Romancing Canada's Indigenous People


She Works Hard for Her Money

Does your protagonist like his/her job?  Are they considering a career change?  One of the duties of my former position with an aboriginal employment and training organisation was assisting individuals with making career changes.  So, yes, finding the right job or sticking my protagonist in a job he/she hates is important to me, because our jobs are a big part of our lives and affect us in good and bad ways.  As a former colleague said, “We spend more time with these people than with our own families.”

I always stressed to clients the importance of their jobs, whether a CEO or the custodian who cleans the CEO’s office.  Without a great custodian keeping the CEO’s office in immaculate condition, the CEO or the CEO’s staff would be burdened with cleaning during the day.

What about when the CEO leaves at quitting time?  She’s tired.  Hubby is out of town on business so he can’t start dinner.  She doesn’t feel like cooking either, so on her way home she stops at a drive-thru to pick up a quick meal.  There are people cooking that meal she’ll pick up.  How about the dry-cleaners who’ll clean her office clothes?  Then there are the mechanics who ensure her car is in working order for the commute, or the bus drivers who pick her up and takes her to work.  Her hairdresser keeps Ms. CEO’s coif in immaculate condition while providing an ear as Ms. CEO unwinds, babbling about work-related stress.

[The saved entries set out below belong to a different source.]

(* Let $k\ge 1$ and let $\zeta_1,\dots,\zeta_k>-1$ and $\alpha_1,\dots,\alpha_k>0$ be real. Let $x_1,\dots,x_k$ be mutually independent real random variables, $x_j$ having the type-1 beta density $$f_j(x_j)=\frac{\Gamma(\alpha_j+\zeta_j+1)}{\Gamma(\alpha_j)\Gamma(\zeta_j+1)}x_j^{\zeta_j}(1-x_j)^{\alpha_j-1},\quad 0<x_j<1,$$ and $f_j=0$ elsewhere. Let $(v_1,\dots,v_k)$ be a random vector of positive real random variables with an arbitrary joint density $f(v_1,\dots,v_k)$ on $(0,\infty)^k$, and assume $(x_1,\dots,x_k)$ and $(v_1,\dots,v_k)$ are independent. Put $u_j=x_jv_j$, $j=1,\dots,k$, and let $g(u_1,\dots,u_k)$ denote the joint density of $(u_1,\dots,u_k)$. Then, for (almost every) $(u_1,\dots,u_k)\in(0,\infty)^k$, $$\Big\{\prod_{j=1}^k\frac{\Gamma(\zeta_j+1)}{\Gamma(\alpha_j+\zeta_j+1)}\Big\}\,g(u_1,\dots,u_k)=K_{u_j,j=1,\dots,k}^{(\zeta_j,\alpha_j),j=1,\dots,k}f(u_1,\dots,u_k).$$
   Context: The multivariable Kober fractional integral operator of the second kind is defined by $$K_{u_j,j=1,\dots,k}^{(\zeta_j,\alpha_j),j=1,\dots,k}f(u_1,\dots,u_k)=\Big\{\prod_{j=1}^k\frac{u_j^{\zeta_j}}{\Gamma(\alpha_j)}\Big\}\int_{v_1>u_1}\cdots\int_{v_k>u_k}\Big\{\prod_{j=1}^k(v_j-u_j)^{\alpha_j-1}v_j^{-\zeta_j-\alpha_j}\Big\}f(v_1,\dots,v_k)\,dv_1\cdots dv_k.$$ *)

theory Defs
  imports "HOL-Probability.Probability"
begin

definition beta1_density :: "real \<Rightarrow> real \<Rightarrow> real \<Rightarrow> real" where
  "beta1_density \<zeta> \<alpha> t =
     (if 0 < t \<and> t < 1
      then Gamma (\<alpha> + \<zeta> + 1) / (Gamma \<alpha> * Gamma (\<zeta> + 1)) * t powr \<zeta> * (1 - t) powr (\<alpha> - 1)
      else 0)"

text \<open>Multivariable Kober fractional integral operator of the second kind on
  functions of k real variables (points of R^k represented as extensional functions on {..<k}).\<close>
definition kober2 :: "nat \<Rightarrow> (nat \<Rightarrow> real) \<Rightarrow> (nat \<Rightarrow> real) \<Rightarrow> ((nat \<Rightarrow> real) \<Rightarrow> ennreal)
    \<Rightarrow> (nat \<Rightarrow> real) \<Rightarrow> ennreal" where
  "kober2 k \<zeta> \<alpha> f u =
     ennreal (\<Prod>j<k. u j powr \<zeta> j / Gamma (\<alpha> j)) *
     (\<integral>\<^sup>+ v. indicator {v. \<forall>j<k. u j < v j} v *
         ennreal (\<Prod>j<k. (v j - u j) powr (\<alpha> j - 1) * v j powr (- \<zeta> j - \<alpha> j)) * f v
       \<partial>(PiM {..<k} (\<lambda>_. lborel)))"

end

theory Submission
  imports Defs
begin

(* Conditionally on V = v, the coordinates x_j v_j are independent with densities
   f_j(u_j / v_j) / v_j, so averaging over the law of V gives
     g(u) = integral of f(v) * prod_j f_j(u_j / v_j) / v_j dv.
   For u_j > 0 the factor f_j(u_j / v_j) vanishes unless v_j > u_j, and then
     Gamma(zeta_j + 1) / Gamma(alpha_j + zeta_j + 1) * f_j(u_j / v_j) / v_j
       = u_j^zeta_j (v_j - u_j)^(alpha_j - 1) v_j^(-zeta_j - alpha_j) / Gamma(alpha_j),
   which is the kernel of the Kober operator. *)

lemma sigma_finite_density_lborel_real:
  fixes b :: "real \<Rightarrow> real"
  assumes "b \<in> borel_measurable borel"
  shows "sigma_finite_measure (density lborel (\<lambda>t. ennreal (b t)))"
  using assms
  by (subst sigma_finite_measure.sigma_finite_iff_density_finite'[OF lborel.sigma_finite_measure_axioms])
     auto

lemma distr_density_lborel_mult_right:
  fixes b :: "real \<Rightarrow> real" and c :: real
  assumes [measurable]: "b \<in> borel_measurable borel" and c: "c > 0"
  shows "distr (density lborel (\<lambda>t. ennreal (b t))) lborel (\<lambda>t. t * c) =
         density lborel (\<lambda>u. ennreal (b (u / c) / c))"
proof (rule measure_eqI)
  fix A assume "A \<in> sets (distr (density lborel (\<lambda>t. ennreal (b t))) lborel (\<lambda>t. t * c))"
  then have [measurable]: "A \<in> sets borel" by simp
  have [measurable]: "(\<lambda>t. t * c) -` A \<in> sets borel"
    by (rule measurable_sets_borel[of _ borel]) auto
  have "emeasure (distr (density lborel (\<lambda>t. ennreal (b t))) lborel (\<lambda>t. t * c)) A
      = (\<integral>\<^sup>+ t. ennreal (b t) * indicator A (t * c) \<partial>lborel)"
    by (subst emeasure_distr) (auto simp: emeasure_density indicator_def intro!: nn_integral_cong)
  also have "\<dots> = ennreal \<bar>1/c\<bar> *
      (\<integral>\<^sup>+ u. ennreal (b (0 + 1/c * u)) * indicator A ((0 + 1/c * u) * c) \<partial>lborel)"
    by (rule nn_integral_real_affine) (use c in auto)
  also have "\<dots> = (\<integral>\<^sup>+ u. ennreal (b (u / c) / c) * indicator A u \<partial>lborel)"
    using c by (subst nn_integral_cmult[symmetric])
      (auto intro!: nn_integral_cong simp: ennreal_mult'[symmetric] field_simps)
  also have "\<dots> = emeasure (density lborel (\<lambda>u. ennreal (b (u / c) / c))) A"
    by (simp add: emeasure_density)
  finally show "emeasure (distr (density lborel (\<lambda>t. ennreal (b t))) lborel (\<lambda>t. t * c)) A = \<dots>" .
qed simp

She needs these very important people doing very important jobs, just as they need her.  Without people filling these jobs, we’d be shit out of luck, wouldn’t we?  How about the wonderful hotel staff who keep business conferences running smoothly?  Without them, we’d be having potluck at the chair’s house.

So when I pick a job for my protagonist, I find what best suits or doesn’t suit this character.

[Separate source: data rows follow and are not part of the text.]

lemma lg_iso_card_edges:
  assumes "lg_iso V G H"
  shows "card (lg_edges V G) = card (lg_edges V H)"
proof -
  obtain \<sigma> where \<sigma>: "bij_betw \<sigma> V V" and GH: "\<forall>e\<in>pairs V. G e = H (\<sigma> ` e)"
    using assms by (auto simp: lg_iso_def)
  have bij: "bij_betw ((`) \<sigma>) (pairs V) (pairs V)"
    using bij_betw_image_pairs[OF \<sigma>] .
  have "bij_betw ((`) \<sigma>) (lg_edges V G) (lg_edges V H)"
  proof (rule bij_betw_subset[OF bij])
    show "lg_edges V G \<subseteq> pairs V" by (auto simp: lg_edges_def)
    show "(`) \<sigma> ` lg_edges V G = lg_edges V H"
    proof
      show "(`) \<sigma> ` lg_edges V G \<subseteq> lg_edges V H"
        using bij GH by (auto simp: lg_edges_def bij_betw_def)
      show "lg_edges V H \<subseteq> (`) \<sigma> ` lg_edges V G"
      proof
        fix e' assume e': "e' \<in> lg_edges V H"
        have "e' \<in> (`) \<sigma> ` pairs V"
          using bij e' by (auto simp: lg_edges_def bij_betw_def)
        then obtain e where "e \<in> pairs V" "e' = \<sigma> ` e" by blast
        then show "e' \<in> (`) \<sigma> ` lg_edges V G"
          using e' GH by (auto simp: lg_edges_def)
      qed
    qed
  qed
  then show ?thesis by (rule bij_betw_same_card)
qed

lemma card_lg_edges_labgraph:
  assumes "is_labgraph V H" "U \<subseteq> V" "finite U"
  shows "card (lg_edges U H) = card {e\<in>pairs U. H e = 1} + card {e\<in>pairs U. H e = -1}"
proof -
  have "lg_edges U H = {e\<in>pairs U. H e = 1} \<union> {e\<in>pairs U. H e = -1}"
    using assms by (auto simp: lg_edges_def is_labgraph_def pairs_def)
  then show ?thesis
    using assms(3) by (simp add: card_Un_disjoint finite_pairs disjoint_iff)
qed

lemma card_lg_edges_H0:
  assumes "finite V" "is_H0 V eps H"
  shows "2 * int (card (lg_edges V H)) = int (card V)"
  using assms card_lg_edges_labgraph[of V H V] unfolding is_H0_def by auto

lemma card_lg_edges_Hstar:
  assumes "finite V" "is_Hstar V p m pM4 mM4 H"
  shows "4 * int (card (lg_edges V H)) = 12 + pM4 + mM4"
proof -
  obtain c A where c: "c \<in> V" "A \<subseteq> V" "c \<notin> A" "card A = 3"
    and star: "\<forall>a\<in>A. H {c, a} \<noteq> 0"
    and only_star: "\<forall>e\<in>pairs V. H e \<noteq> 0 \<and> e \<inter> insert c A \<noteq> {} \<longrightarrow> (\<exists>a\<in>A. e = {c, a})"
    and plus: "4 * int (card {e\<in>pairs (V - insert c A). H e = 1}) = pM4"
    and minus: "4 * int (card {e\<in>pairs (V - insert c A). H e = -1}) = mM4"
    using assms(2) unfolding is_Hstar_def by blast
  define W where "W = V - insert c A"
  have "lg_edges V H = (\<lambda>a. {c, a}) ` A \<union> lg_edges W H"
  proof
    show "lg_edges V H \<subseteq> (\<lambda>a. {c, a}) ` A \<union> lg_edges W H"
    proof
      fix e assume e: "e \<in> lg_edges V H"
      show "e \<in> (\<lambda>a. {c, a}) ` A \<union> lg_edges W H"
      proof (cases "e \<inter> insert c A = {}")
        case True
        then show ?thesis using e by (auto simp: lg_edges_def pairs_def W_def)
      next
        case False
        then show ?thesis using e only_star by (auto simp: lg_edges_def)
      qed
    qed
    show "(\<lambda>a. {c, a}) ` A \<union> lg_edges W H \<subseteq> lg_edges V H"
      using c star by (auto simp: lg_edges_def pairs_def W_def card_insert_if)
  qed
  moreover have "(\<lambda>a. {c, a}) ` A \<inter> lg_edges W H = {}"
    by (auto simp: lg_edges_def pairs_def W_def)
  moreover have "card ((\<lambda>a. {c, a}) ` A) = 3"
    using c by (subst card_image) (auto simp: inj_on_def doubleton_eq_iff)
  moreover have "finite (lg_edges W H)"
    using assms(1) by (simp add: lg_edges_def W_def finite_pairs)
  moreover have "finite A"
    using c(4) by (metis card.infinite zero_neq_numeral)
  ultimately have "card (lg_edges V H) = 3 + card (lg_edges W H)"
    by (simp add: card_Un_disjoint)
  moreover have "card (lg_edges W H) = card {e\<in>pairs W. H e = 1} + card {e\<in>pairs W. H e = -1}"
    using assms card_lg_edges_labgraph[of V H W] by (auto simp: is_Hstar_def W_def)
  ultimately show ?thesis using plus minus unfolding W_def by simp
qed

lemma card_lg_edges_H1234:
  assumes "finite V" "is_H1 V eps H \<or> is_H2 V eps H \<or> is_H3 V eps H \<or> is_H4 V eps H"
  shows "4 * int (card (lg_edges V H)) = 2 * int (card V) + 4"
  using assms(2) card_lg_edges_Hstar[OF assms(1)]
  unfolding is_H1_def is_H2_def is_H3_def is_H4_def by force

lemma two_times_choose_two: "2 * int (n choose 2) = int n * (int n - 1)"
proof (induction n)
  case (Suc n)
  then show ?case by (simp add: numeral_2_eq_2 algebra_simps)
qed simp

In my WIP Fire and Water, Gabriel is making a BIG career change—even a life change.  He’s hanging up his microphone and finally putting his teaching degree to use by relocating from Southern Ontario to work at an under-staffed school in a remote Ojibway community in Northwestern Ontario.  He has no choice because his inheritance is being held by his mother and siblings until he commits to what his deceased father deemed a “respectable and real” job.  As for Jesse, the other protagonist, he is the primary grades teacher.  One can well imagine the culture shock Gabriel faces, while attempting to grasp his new nine to five position after only knowing music for thirteen years.  He has a three month probationary period to pass and needs Jesse’s help.

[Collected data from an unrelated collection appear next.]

lemma invertible_if_pos_def_mult_transpose:
  fixes R :: "real^'n^'n"
  assumes "pos_def (R ** transpose R)"
  shows "invertible R"
proof -
  have "x = 0" if "transpose R *v x = 0" for x
  proof (rule ccontr)
    assume "x \<noteq> 0"
    with assms have "0 < x \<bullet> ((R ** transpose R) *v x)"
      by (simp add: pos_def_def)
    also have "\<dots> = 0"
      using that by (simp flip: matrix_vector_mul_assoc)
    finally show False
      by simp
  qed
  then have "invertible (transpose R)"
    by (simp add: invertible_left_inverse matrix_left_invertible_ker)
  then show ?thesis
    using transpose_invertible by fastforce
qed

lemma
  fixes A :: "'a::semiring_1^'n^'m"
  assumes "invertible A"
  shows matrix_inv_right: "A ** matrix_inv A = mat 1"
    and matrix_inv_left: "matrix_inv A ** A = mat 1"
  using someI_ex[OF assms[unfolded invertible_def]] by (simp_all add: matrix_inv_def)

lemma orthogonal_matrix_inv_mult:
  fixes R1 R2 :: "real^'n^'n"
  assumes R1: "invertible R1" and eq: "R1 ** transpose R1 = R2 ** transpose R2"
  shows "orthogonal_matrix (matrix_inv R1 ** R2)"
proof -
  let ?V = "matrix_inv R1"
  have "transpose R1 ** transpose ?V = mat 1"
    by (metis matrix_inv_left[OF R1] matrix_transpose_mul transpose_mat)
  have "(?V ** R2) ** transpose (?V ** R2) = ?V ** (R2 ** transpose R2) ** transpose ?V"
    by (simp add: matrix_transpose_mul matrix_mul_assoc)
  also have "\<dots> = (?V ** R1) ** (transpose R1 ** transpose ?V)"
    by (simp add: matrix_mul_assoc flip: eq)
  also have "\<dots> = mat 1"
    by (simp add: matrix_inv_left[OF R1] \<open>transpose R1 ** transpose ?V = mat 1\<close>)
  finally show ?thesis
    by (simp add: orthogonal_matrix matrix_left_right_inverse)
qed

lemma congruence_orthogonal_matrix_eq_iff:
  fixes U X Y :: "real^'n^'n"
  assumes U: "orthogonal_matrix U"
  shows "transpose U ** X ** U = transpose U ** Y ** U \<longleftrightarrow> X = Y"
proof
  have "U ** (transpose U ** X ** U) ** transpose U = (U ** transpose U) ** X ** (U ** transpose U)" for X
    by (simp add: matrix_mul_assoc)
  then have "U ** (transpose U ** X ** U) ** transpose U = X" for X
    using U by (simp add: orthogonal_matrix_def)
  then show "transpose U ** X ** U = transpose U ** Y ** U \<Longrightarrow> X = Y"
    by metis
qed simp

lemma eig_decomp_desc_orthogonal_congruence:
  fixes U C Q :: "real^('n::{finite,linorder})^('n::{finite,linorder})"
  assumes U: "orthogonal_matrix U"
  shows "eig_decomp_desc (transpose U ** C ** U) (transpose U ** Q) lam \<longleftrightarrow> eig_decomp_desc C Q lam"
proof -
  have "orthogonal_matrix (transpose U ** Q) \<longleftrightarrow> orthogonal_matrix Q"
  proof
    assume "orthogonal_matrix (transpose U ** Q)"
    with U have "orthogonal_matrix (U ** (transpose U ** Q))"
      by (rule orthogonal_matrix_mul)
    moreover have "U ** (transpose U ** Q) = Q"
      using U by (simp add: matrix_mul_assoc orthogonal_matrix_def)
    ultimately show "orthogonal_matrix Q"
      by simp
  qed (simp add: U orthogonal_matrix_mul)
  moreover have "(transpose U ** Q) ** diag_mat lam ** transpose (transpose U ** Q) =
      transpose U ** (Q ** diag_mat lam ** transpose Q) ** U"
    by (simp add: matrix_transpose_mul matrix_mul_assoc)
  ultimately show ?thesis
    by (simp add: eig_decomp_desc_def congruence_orthogonal_matrix_eq_iff[OF U])
qed

lemma column_matrix_mult: "column i (A ** B) = A *v column i B"
  by (simp add: vec_eq_iff column_def matrix_matrix_mult_def matrix_vector_mult_def mult.commute)

lemma active_subspace_matrix_mult:
  fixes A Q :: "real^('n::{finite,linorder})^('n::{finite,linorder})"
  shows "(\<lambda>x. A *v x) ` active_subspace Q r = active_subspace (A ** Q) r"
proof -
  let ?cols = "\<lambda>Q. {column i Q | i. card {j. j < i} < r}"
  have "(\<lambda>x. A *v x) ` ?cols Q = ?cols (A ** Q)"
    by (auto simp: column_matrix_mult)
  moreover have "(\<lambda>x. A *v x) ` span (?cols Q) = span ((\<lambda>x. A *v x) ` ?cols Q)"
    by (simp add: span_linear_image matrix_vector_mul_linear)
  ultimately show ?thesis
    unfolding active_subspace_def by simp
qed

lemma active_fun_compose_matrix: "active_fun (\<lambda>z. g (A *v z)) Q = active_fun g (A ** Q)"
  by (rule ext) (simp add: active_fun_def matrix_vector_mul_assoc)

theorem corollary3p4:
  fixes Sigma R1 R2 :: "real^('n::{finite,linorder})^('n::{finite,linorder})"
    and f :: "real^('n::{finite,linorder}) \<Rightarrow> real"
  assumes "pos_def Sigma"
    and "R1 ** transpose R1 = Sigma" and "R2 ** transpose R2 = Sigma"
    and "grad_info_finite (\<lambda>z. f (R1 *v z))"
    and "grad_info_finite (\<lambda>z. f (R2 *v z))"
  shows "let g1 = (\<lambda>z. f (R1 *v z)); g2 = (\<lambda>z. f (R2 *v z)); U = matrix_inv R1 ** R2 in
           orthogonal_matrix U \<and>
           (\<forall>Q lam. eig_decomp_desc (grad_info g1) Q lam \<longleftrightarrow>
                    eig_decomp_desc (grad_info g2) (transpose U ** Q) lam) \<and>
           (\<forall>Q lam r. eig_decomp_desc (grad_info g1) Q lam \<longrightarrow>
                    (\<lambda>x. transpose U *v x) ` active_subspace Q r = active_subspace (transpose U ** Q) r) \<and>
           (\<forall>Q lam. eig_decomp_desc (grad_info g1) Q lam \<longrightarrow>
                    active_fun g1 Q = active_fun g2 (transpose U ** Q))"
proof -
  define g1 where "g1 = (\<lambda>z. f (R1 *v z))"
  define U where "U = matrix_inv R1 ** R2"
  have R1: "invertible R1"
    using assms(1,2) by (simp add: invertible_if_pos_def_mult_transpose)
  have U: "orthogonal_matrix U"
    using orthogonal_matrix_inv_mult[OF R1] assms(2,3) by (simp add: U_def)
  have g2: "(\<lambda>z. f (R2 *v z)) = (\<lambda>z. g1 (U *v z))"
    by (simp add: g1_def U_def matrix_vector_mul_assoc matrix_inv_right[OF R1] matrix_mul_assoc)
  have C: "grad_info (\<lambda>z. g1 (U *v z)) = transpose U ** grad_info g1 ** U"
    using grad_info_orthogonal_compose[OF U] assms(4,5) by (simp add: g1_def g2)
  have "active_fun g1 Q = active_fun (\<lambda>z. g1 (U *v z)) (transpose U ** Q)" for Q
    using U by (simp add: active_fun_compose_matrix orthogonal_matrix_def matrix_mul_assoc)
  then show ?thesis
    unfolding Let_def g1_def[symmetric] U_def[symmetric] g2 C
    using U by (simp add: eig_decomp_desc_orthogonal_congruence active_subspace_matrix_mult)
qed

end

What about you?  How do you decide on a profession for your characters?  Is their job key to the plot or not?

6 thoughts on “Take this job and shove it

  1. Melissa says:

    I think about the character and what suits the personality — and moves the story forward. In Doubting River, Charm had to have a job he could leave easily, that didn’t require a college degree, and that would take advantage of his ability to sell ice to Eskimos. Marlie, on the other hand, was a farm wife whose dreams had been put on hold. She had to have a job that both enabled her to provide benefits (health insurance) and a consistent salary to tied them over during the lean months before crops were sold and allowed her to raise her child. She, too, lacks a college degree. When her son is injured, she can’t work enough hours to provide those benefits, and she doesn’t have the skills to easily get another job.


    1. That sounds like quite the interesting story, Melissa. Thanks for sharing.


  2. I can only think of about 3 or 4 characters that have ever had jobs mentioned in the story. Unless it’s vital to the story, it’s not needed, as far as I’m concerned. I know to make them more rounded they should have more life – something to think about in the future.


    1. Thanks for commenting, Annalisa. I’ve read a few stories when jobs weren’t mentioned that worked really well.


  3. Left-Brained Business for Write-Brained People says:

    I try to go the unconventional route. Having worked successfully for a number of years in an industry dominated by men, I got used to giving sarcastic and off-the-wall answers when I heard variations of “what’s a girl like you doing in…” Now I use that same for humor with my characters, giving kind of a twist to my stories by the way they interact with their jobs and the world view of such things.

    Good post. I’ve preached your same message many, many times before to other people. So I obviously totally agree with you that service people are just as important as the CEO, in that one can’t get everything done in life without the work of the other. So much about people and characters come down to lifestyle and attitude, doesn’t it?


    1. I LOVE the unconvential route. It’s my fave. I’d love to hear more about working in an industry dominated by men. Maybe one day you’ll post about it at your blog. I always enjoy reading what you have to say.